Кадфаэлю показалось, что горькая убежденность Филиппа отчасти передалась королю. Да и то сказать — у Стефана не было оснований верить оправданиям юноши из стана его соперницы, обвиненного в убийстве не последнего из сторонников короля, лишь недавно оказавшего ему ценную услугу. Кроме того, монарх был не прочь сбросить с плеч долой это дело и заняться наконец военными вопросами. Да и сам намек на то, что в его владениях будто бы невозможно строгое соблюдение закона, подталкивал государя к простому решению — передать Ива судебным властям и умыть руки.

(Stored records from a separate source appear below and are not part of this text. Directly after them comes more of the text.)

(* Let $X$ be a real Banach space ordered by a generating and normal cone $K$. Let $A$ be a bounded linear operator on $X$ with $A(K)\subseteq K$, and suppose $A=T+F$, where $T,F$ are bounded linear operators on $X$ with $T(K)\subseteq K$, $F(K)\subseteq K$, and $r(T)<1$. Define $R_0:=r\big(F(I-T)^{-1}\big)$. Then exactly one of the following holds: (a) $R_0\ge r(A)>1$; (b) $R_0=r(A)=1$; (c) $R_0\le r(A)<1$.
   Context: A cone $K\subseteq X$ is a closed convex set such that $\alpha x\in K$ whenever $x\in K,\ \alpha\ge 0$, and such that $x\in K$, $-x\in K$ imply $x=0$. $K$ is generating if $X=K-K$, and normal if there is $\gamma>0$ such that $0\le x\le y$ implies $\|x\|\le\gamma\|y\|$, where $x\le y$ means $y-x\in K$. For a bounded operator $B$ on a real Banach space, the spectrum $\sigma(B)$ and spectral radius $r(B)=\sup\{|\lambda|:\lambda\in\sigma(B)\}$ are those of its complexification on $X+iX$. *)

theory Defs
  imports "HOL-Analysis.Analysis"
begin

definition is_cone :: "'a::real_normed_vector set \<Rightarrow> bool" where
  "is_cone K \<longleftrightarrow> closed K \<and> convex K \<and> (\<forall>x\<in>K. \<forall>\<alpha>::real. \<alpha> \<ge> 0 \<longrightarrow> \<alpha> *\<^sub>R x \<in> K)
     \<and> (\<forall>x. x \<in> K \<and> - x \<in> K \<longrightarrow> x = 0)"

definition generating_cone :: "'a::real_normed_vector set \<Rightarrow> bool" where
  "generating_cone K \<longleftrightarrow> {x - y | x y. x \<in> K \<and> y \<in> K} = UNIV"

definition normal_cone :: "'a::real_normed_vector set \<Rightarrow> bool" where
  "normal_cone K \<longleftrightarrow> (\<exists>\<gamma>>0. \<forall>x y. x \<in> K \<and> y - x \<in> K \<longrightarrow> norm x \<le> \<gamma> * norm y)"

text \<open>Complexification X + iX is modelled as X \<times> X, (x,y) standing for x + i y.
  For z = a + i b, (B - \<lambda> I)(x + i y) = (B x - a x + b y) + i (B y - b x - a y).\<close>
definition cplx_shift :: "('a::real_normed_vector \<Rightarrow> 'a) \<Rightarrow> complex \<Rightarrow> ('a \<times> 'a \<Rightarrow> 'a \<times> 'a)" where
  "cplx_shift B z = (\<lambda>(x, y). (B x - Re z *\<^sub>R x + Im z *\<^sub>R y, B y - Im z *\<^sub>R x - Re z *\<^sub>R y))"

definition op_spectrum :: "('a::real_normed_vector \<Rightarrow> 'a) \<Rightarrow> complex set" where
  "op_spectrum B = {z. \<not> (\<exists>S. bounded_linear S \<and> S \<circ> cplx_shift B z = id \<and> cplx_shift B z \<circ> S = id)}"

definition spectral_radius :: "('a::real_normed_vector \<Rightarrow> 'a) \<Rightarrow> real" where
  "spectral_radius B = Sup (cmod ` op_spectrum B)"

end

theory Submission
  imports Defs
begin

(*
  For a positive operator B the spectral radius equals the growth rate of B on the cone,
  the infimum of the m > 0 with norm (B^n x) <= C m^n norm x for all x in K.  Ando's theorem
  (a generating cone admits decompositions x = u - v with norm u, norm v <= M norm x) extends
  such bounds from K to the whole space, so the Neumann series confines the spectrum to the
  disc of that radius; normality shows that l - B has a positive inverse exactly for l above
  the growth rate, and a limit argument puts the growth rate itself into the spectrum.

  Writing R_l for the inverse of l - T, the factorisation l - T - F = (1 - F R_l)(l - T) shows
  that r(A) < l iff r(F R_l) < 1, and the resolvent identity compares F R_l with F R_1 / l;
  this settles the cases r(A) < 1 and r(A) > 1.  For r(A) = 1, log-convexity of
  s -> r(T + s F), obtained by interpolating the expansions of (T + s F)^n with Young's
  inequality, gives r(T + s F) < 1 for s < 1, hence r(s F R_1) < 1 for all s < 1 and R_0 <= 1,
  while R_0 < 1 would force r(A) < 1.
*)


section \<open>Operators on Banach spaces\<close>

lemma bounded_linear_funpow:
  fixes B :: "'a::real_normed_vector \<Rightarrow> 'a"
  assumes "bounded_linear B"
  shows "bounded_linear (B ^^ n)"
proof (induction n)
  case 0
  show ?case unfolding funpow_simps_right(1) id_def by (rule bounded_linear_ident)
next
  case (Suc n)
  then show ?case by (simp add: assms bounded_linear_compose)
qed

— Между прочим, — отчетливо, с расстановкой произнесла императрица, — мне тоже есть что сказать по поводу происходящего. Когда нас созывали на этот совет, всем без исключения его участникам был обещан безопасный проезд сюда и обратно. Что бы здесь ни случилось, никто не вправе нарушить это обязательство. Я приехала в сопровождении некоторого числа людей и с тем же числом уеду, ибо неприкосновенность распространяется на каждого из них, а вина этого молодого сквайра ничем не доказана. Тот, кто вздумает тронуть его, нарушит клятву и тем самым навлечет на себя неслыханный позор. Завтра я уеду, и все мои люди уедут со мной.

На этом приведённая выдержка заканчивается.